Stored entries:
===============
(* Let $k$ be a field of characteristic zero, $\lambda,\mu\in k$, ${\boldsymbol\lambda}=\begin{pmatrix}0&\lambda\\-\lambda&0\end{pmatrix}$ and ${\boldsymbol\mu}=\begin{pmatrix}0&\mu\\-\mu&0\end{pmatrix}$. Then $k_{\boldsymbol\lambda}(x_1,x_2)\cong k_{\boldsymbol\mu}(x_1,x_2)$ as Poisson algebras if and only if $\lambda=\pm\mu$.
   Context: For antisymmetric ${\boldsymbol\lambda}\in M_n(k)$, $k_{\boldsymbol\lambda}(x_1,\dots,x_n)$ is the rational function field $k(x_1,\dots,x_n)$ with the unique Poisson bracket satisfying $\{x_i,x_j\}=\lambda_{ij}x_ix_j$. *)

theory Defs
  imports "HOL-Computational_Algebra.Polynomial" "HOL-Computational_Algebra.Fraction_Field"
begin

text \<open>The rational function field k(x1,x2) is the fraction field of k[x1][x2].\<close>
type_synonym 'a ratfun2 = "'a poly poly fract"

definition kconst :: "'a::idom \<Rightarrow> 'a ratfun2" where
  "kconst c = Fract ([:[:c:]:]) 1"

definition X1 :: "'a::idom ratfun2" where
  "X1 = Fract ([:[:0, 1:]:]) 1"

definition X2 :: "'a::idom ratfun2" where
  "X2 = Fract ([:0, 1:]) 1"

definition poisson_bracket :: "('a::field ratfun2 \<Rightarrow> 'a ratfun2 \<Rightarrow> 'a ratfun2) \<Rightarrow> bool" where
  "poisson_bracket B \<longleftrightarrow>
     (\<forall>a b c. B (a + b) c = B a c + B b c) \<and>
     (\<forall>r a b. B (kconst r * a) b = kconst r * B a b) \<and>
     (\<forall>a b. B a b = - B b a) \<and>
     (\<forall>a b c. B a (B b c) + B b (B c a) + B c (B a b) = 0) \<and>
     (\<forall>a b c. B (a * b) c = a * B b c + B a c * b)"

text \<open>The Poisson bracket of k_lambda(x1,x2) for the antisymmetric matrix
  ((0, l), (-l, 0)): the (unique) Poisson bracket with {x1,x2} = l x1 x2.\<close>
definition quantum_bracket :: "'a::field \<Rightarrow> ('a ratfun2 \<Rightarrow> 'a ratfun2 \<Rightarrow> 'a ratfun2) \<Rightarrow> bool" where
  "quantum_bracket l B \<longleftrightarrow> poisson_bracket B \<and> B X1 X2 = kconst l * X1 * X2"

definition poisson_iso ::
  "('a::field ratfun2 \<Rightarrow> 'a ratfun2 \<Rightarrow> 'a ratfun2) \<Rightarrow> ('a ratfun2 \<Rightarrow> 'a ratfun2 \<Rightarrow> 'a ratfun2)
    \<Rightarrow> ('a ratfun2 \<Rightarrow> 'a ratfun2) \<Rightarrow> bool" where
  "poisson_iso B C \<phi> \<longleftrightarrow>
     bij \<phi> \<and>
     (\<forall>a b. \<phi> (a + b) = \<phi> a + \<phi> b) \<and>
     (\<forall>a b. \<phi> (a * b) = \<phi> a * \<phi> b) \<and>
     \<phi> 1 = 1 \<and>
     (\<forall>r a. \<phi> (kconst r * a) = kconst r * \<phi> a) \<and>
     (\<forall>a b. \<phi> (B a b) = C (\<phi> a) (\<phi> b))"

end

theory Submission
  imports Defs "HOL-Library.Product_Lexorder" "HOL-Library.Product_Plus"
begin

text \<open>If \<open>l = m\<close> the two brackets coincide, since a Poisson bracket on \<open>k(x\<^sub>1, x\<^sub>2)\<close> is
  determined by \<open>{x\<^sub>1, x\<^sub>2}\<close>; if \<open>l = -m\<close>, exchanging \<open>x\<^sub>1\<close> and \<open>x\<^sub>2\<close> is an isomorphism.
  Conversely, an isomorphism sends \<open>x\<^sub>1\<close>, \<open>x\<^sub>2\<close> to nonzero \<open>u\<close>, \<open>v\<close> with \<open>{u, v}\<^sub>m = l u v\<close>.
  Ordering the monomials \<open>x\<^sub>1\<^sup>i x\<^sub>2\<^sup>n\<close> lexicographically by \<open>(n, i)\<close> gives a valuation on
  \<open>k(x\<^sub>1, x\<^sub>2)\<close>. The log-canonical bracket satisfies \<open>val {f, g} \<ge> val f + val g\<close>, and the
  bracket of two Laurent monomials with exponents \<open>(n, i)\<close> and \<open>(n', i')\<close> is \<open>m (i n' - n i')\<close>
  times their product. Comparing the lowest terms of \<open>{u, v}\<^sub>m\<close> and \<open>l u v\<close> therefore gives
  \<open>l \<in> m \<int>\<close>; by symmetry \<open>m \<in> l \<int>\<close>, so \<open>l = \<plusminus>m\<close>.\<close>

section \<open>The lexicographic valuation on bivariate polynomials\<close>

lemma lex_add_mono:
  fixes a b c d :: "'a::linordered_cancel_ab_semigroup_add \<times> 'b::linordered_cancel_ab_semigroup_add"
  shows "a \<le> b \<Longrightarrow> c \<le> d \<Longrightarrow> a + c \<le> b + d"
  by (cases a; cases b; cases c; cases d) (auto simp: add_less_le_mono add_le_less_mono add_mono)

lemma lex_add_less_le_mono:
  fixes a b c d :: "'a::linordered_cancel_ab_semigroup_add \<times> 'b::linordered_cancel_ab_semigroup_add"
  shows "a < b \<Longrightarrow> c \<le> d \<Longrightarrow> a + c < b + d"
  by (cases a; cases b; cases c; cases d) (auto simp: order_le_less add_strict_mono add_less_mono1 add_less_mono)

lemma lex_add_eq_imp_eq:
  fixes a b x y :: "'a::linordered_cancel_ab_semigroup_add \<times> 'b::linordered_cancel_ab_semigroup_add"
  assumes "a \<le> x" "b \<le> y" "x + y = a + b"
  shows "x = a" "y = b"
  using lex_add_less_le_mono[of a x b y] lex_add_less_le_mono[of b y a x] assms
  by (auto simp: add.commute order.order_iff_strict)

lemma lex_less_iff_succ_le: "(a::int \<times> int) < b \<longleftrightarrow> a + (0, 1) \<le> b"
  by (cases a; cases b) auto

lemma lex_le_diff_iff: "(w::int \<times> int) \<le> a - b \<longleftrightarrow> w + b \<le> a"
  by (cases w; cases a; cases b) auto

text \<open>An exponent pair \<open>(n, i)\<close> stands for the monomial \<open>x\<^sub>1\<^sup>i x\<^sub>2\<^sup>n\<close>: the outer
  polynomial variable of \<^typ>\<open>'a poly poly\<close> is \<open>x\<^sub>2\<close>.\<close>

definition coeff2 :: "'a::zero poly poly \<Rightarrow> nat \<times> nat \<Rightarrow> 'a" where
  "coeff2 P x = coeff (coeff P (fst x)) (snd x)"

definition support2 :: "'a::zero poly poly \<Rightarrow> (nat \<times> nat) set" where
  "support2 P = {x. coeff2 P x \<noteq> 0}"

definition monom2 :: "'a::zero \<Rightarrow> nat \<times> nat \<Rightarrow> 'a poly poly" where
  "monom2 c x = monom (monom c (snd x)) (fst x)"

definition lowest_exp :: "'a::zero poly poly \<Rightarrow> nat \<times> nat" where
  "lowest_exp P = Min (support2 P)"

definition lowest_coeff :: "'a::zero poly poly \<Rightarrow> 'a" where
  "lowest_coeff P = coeff2 P (lowest_exp P)"

definition int_pair :: "nat \<times> nat \<Rightarrow> int \<times> int" where
  "int_pair x = (int (fst x), int (snd x))"

definition pval :: "'a::zero poly poly \<Rightarrow> int \<times> int" where
  "pval P = int_pair (lowest_exp P)"

definition pval_ge :: "'a::zero poly poly \<Rightarrow> int \<times> int \<Rightarrow> bool" where
  "pval_ge P w \<longleftrightarrow> (\<forall>x\<in>support2 P. w \<le> int_pair x)"

lemma int_pair_le_iff [simp]: "int_pair x \<le> int_pair y \<longleftrightarrow> x \<le> y"
  by (cases x; cases y) (auto simp: int_pair_def)

lemma int_pair_eq_iff [simp]: "int_pair x = int_pair y \<longleftrightarrow> x = y"
  by (cases x; cases y) (auto simp: int_pair_def)

lemma int_pair_add: "int_pair (x + y) = int_pair x + int_pair y"
  by (cases x; cases y) (simp add: int_pair_def)

lemma poly2_eqI: "(\<And>x. coeff2 P x = coeff2 Q x) \<Longrightarrow> P = Q"
  by (intro poly_eqI) (metis coeff2_def fst_conv snd_conv)

lemma coeff2_0 [simp]: "coeff2 0 x = 0"
  by (simp add: coeff2_def)

lemma coeff2_add [simp]: "coeff2 (P + Q) x = coeff2 P x + coeff2 Q x"
  by (simp add: coeff2_def)

lemma coeff2_minus [simp]: "coeff2 (- P) x = - coeff2 P x"
  by (simp add: coeff2_def)

lemma coeff2_diff [simp]: "coeff2 (P - Q) x = coeff2 P x - coeff2 Q x"
  by (simp add: coeff2_def)

lemma coeff2_sum: "coeff2 (sum f A) x = (\<Sum>a\<in>A. coeff2 (f a) x)"
  by (simp add: coeff2_def coeff_sum)

lemma coeff2_monom2: "coeff2 (monom2 c x) y = (if y = x then c else 0)"
  by (cases x; cases y) (auto simp: coeff2_def monom2_def)

lemma coeff2_mult:
  "coeff2 (P * Q) x = (\<Sum>y\<in>{..fst x} \<times> {..snd x}. coeff2 P y * coeff2 Q (x - y))"
  by (cases x) (simp add: coeff2_def coeff_mult coeff_sum sum.cartesian_product case_prod_beta)

lemma finite_support2: "finite (support2 P)"
proof -
  have "support2 P \<subseteq> (SIGMA n:{..degree P}. {..degree (coeff P n)})"
    by (auto simp: support2_def coeff2_def intro: le_degree)
  then show ?thesis by (rule finite_subset) auto
qed

lemma support2_eq_empty_iff [simp]: "support2 P = {} \<longleftrightarrow> P = 0"
  by (auto simp: support2_def intro: poly2_eqI)

lemma lowest_exp_in_support2: "P \<noteq> 0 \<Longrightarrow> lowest_exp P \<in> support2 P"
  unfolding lowest_exp_def using finite_support2 by (intro Min_in) auto

lemma lowest_coeff_nonzero: "P \<noteq> 0 \<Longrightarrow> lowest_coeff P \<noteq> 0"
  using lowest_exp_in_support2 by (auto simp: lowest_coeff_def support2_def)

lemma lowest_exp_le: "x \<in> support2 P \<Longrightarrow> lowest_exp P \<le> x"
  unfolding lowest_exp_def using finite_support2 by (intro Min_le)

lemma pval_ge_iff: "pval_ge P w \<longleftrightarrow> P = 0 \<or> w \<le> pval P"
proof (cases "P = 0")
  case False
  then show ?thesis
    using lowest_exp_in_support2[OF False] lowest_exp_le[of _ P]
    unfolding pval_ge_def pval_def by (metis int_pair_le_iff order_trans)
qed (simp add: pval_ge_def support2_def)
===============
What you are asked to do: Where the data above reaches the line holding "P x \<noteq>", begin printing, and stop after the line holding "P = Min (support2". Each line must be reproduced exactly, with nothing else added.

Task response:
  "support2 P = {x. coeff2 P x \<noteq> 0}"

definition monom2 :: "'a::zero \<Rightarrow> nat \<times> nat \<Rightarrow> 'a poly poly" where
  "monom2 c x = monom (monom c (snd x)) (fst x)"

definition lowest_exp :: "'a::zero poly poly \<Rightarrow> nat \<times> nat" where
  "lowest_exp P = Min (support2 P)"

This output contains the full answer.